The tech world as a whole is still reeling from the OpenSSL vulnerability that was so bad that it was baptized with its own name. Now Microsoft might have an equally terrible, or perhaps even worse, issue in its hands. A bug in its Schannel (short for “Secure channel”) security package could, in theory, allow any hacker to remotely run a program just by sending a specially crafted network packet to a Windows server. To add insult to injury, this security exploit exists in a wide range of Windows version dating back 2003.
To some extent, Schannel is like Microsoft’s OpenSSL in the sense that it is what implements SSL (Secure Sockets Layer) and TLS (Transport Security Layer) for the OS. So it is also ironic, yet not unheard of, that the component in charge of implementing secure communication would become the vehicle for compromising the security of a system.

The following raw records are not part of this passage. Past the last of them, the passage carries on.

lemma cqpoch_inf_holomorphic_on_UNIV:
  fixes c :: complex
  assumes "norm c < 1"
  shows "(\<lambda>a. cqpoch_inf a c) holomorphic_on UNIV"
proof (rule holomorphic_uniform_sequence[where f = "\<lambda>N a. \<Prod>j<N. 1 - a * c ^ j"])
  fix x :: complex
  have "uniformly_convergent_on (cball x 1) (\<lambda>N a. \<Prod>j<N. 1 + (- (a * c ^ j)))"
  proof (rule uniformly_convergent_on_prod)
    show "uniformly_convergent_on (cball x 1) (\<lambda>N a. \<Sum>j<N. norm (- (a * c ^ j)))"
    proof (rule Weierstrass_m_test'[where M = "\<lambda>j. (norm x + 1) * norm c ^ j"])
      fix j a
      assume "a \<in> cball x 1"
      then have "norm a \<le> norm x + 1"
        by (metis dist_commute dist_norm mem_cball norm_triangle_sub add_le_cancel_left order_trans)
      then show "norm (norm (- (a * c ^ j))) \<le> (norm x + 1) * norm c ^ j"
        by (simp add: norm_mult norm_power mult_right_mono)
    next
      show "summable (\<lambda>j. (norm x + 1) * norm c ^ j)"
        using assms by (intro summable_mult summable_geometric) auto
    qed
  qed (auto intro!: continuous_intros)
  then have "uniform_limit (cball x 1) (\<lambda>N a. \<Prod>j<N. 1 - a * c ^ j)
               (\<lambda>a. lim (\<lambda>N. \<Prod>j<N. 1 - a * c ^ j)) sequentially"
    by (simp add: uniformly_convergent_uniform_limit_iff)
  moreover have "lim (\<lambda>N. \<Prod>j<N. 1 - a * c ^ j) = cqpoch_inf a c" for a
    using qpoch_tendsto_cqpoch_inf[OF assms] by (rule limI)
  ultimately show "\<exists>d>0. cball x d \<subseteq> UNIV \<and>
      uniform_limit (cball x d) (\<lambda>N a. \<Prod>j<N. 1 - a * c ^ j) (\<lambda>a. cqpoch_inf a c) sequentially"
    by (intro exI[of _ 1]) simp
qed (auto intro!: holomorphic_intros)

lemma cqpoch_inf_holomorphic [holomorphic_intros]:
  fixes c :: complex
  assumes "norm c < 1" "g holomorphic_on A"
  shows "(\<lambda>z. cqpoch_inf (g z) c) holomorphic_on A"
  using holomorphic_on_compose[OF assms(2) holomorphic_on_subset[OF cqpoch_inf_holomorphic_on_UNIV[OF assms(1)]]]
  by (simp add: o_def)

section \<open>The coefficients of \<open>P\<^sub>n\<close>\<close>

definition qcoef :: "real \<Rightarrow> nat \<Rightarrow> real" where
  "qcoef q j = qpoch (- q) q j / qpoch q q j"

lemma qpoch_Suc: "qpoch a q (Suc n) = qpoch a q n * (1 - a * q ^ n)"
  by (simp add: qpoch_def)

context
  fixes q :: real
  assumes q: "0 < q" "q < 1"
begin

lemma qcoef_pos: "0 < qcoef q j"
proof -
  have "q * q ^ i < 1" for i
    using power_Suc_less_one[OF q] by simp
  then show ?thesis
    using q by (auto simp: qcoef_def qpoch_def intro!: prod_pos divide_pos_pos add_pos_nonneg)
qed

lemma qcoef_Suc: "qcoef q (Suc j) = qcoef q j * ((1 + q ^ Suc j) / (1 - q ^ Suc j))"
proof -
  have "q ^ Suc j < 1"
    by (rule power_Suc_less_one[OF q])
  then show ?thesis
    using q by (simp add: qcoef_def qpoch_Suc field_simps)
qed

As with many proprietary software, Microsoft isn’t fully disclosing the nature and extent of the bug. All that it says is that it could allow remote execution of code through packets sent to a Windows server. In some sense, this worse than the “Heartbleed” OpenSSL bug since the latter only exposed communications to eavesdroppers while this Schannel exploit potentially gives attackers control over a system. We say “potential” because Microsoft claims that there has been no known attack that takes advantage of this vulnerability. Now that it has been disclosed though, it could very well just be a matter of time.
The good news is that Microsoft already has a patch available that addresses this problem. There is no other workaround or fix for it other than downloading and applying this patch. The Schannel bug affects several Windows versions, including Windows Server 2003, Windows Vista and Windows Server 2008, Windows 7 and Windows Server 2008 R2, Windows 8 and Windows Server 2012, and Windows 8.1 and Windows Server 2012 R2.
There are other security exploits that Microsoft is patching up this month, but the Schannel seems to be the worst of the batch. While the others require that users visit a specially crafted website in order to be compromised, this one can be initiated by an external attacker without any help from the user.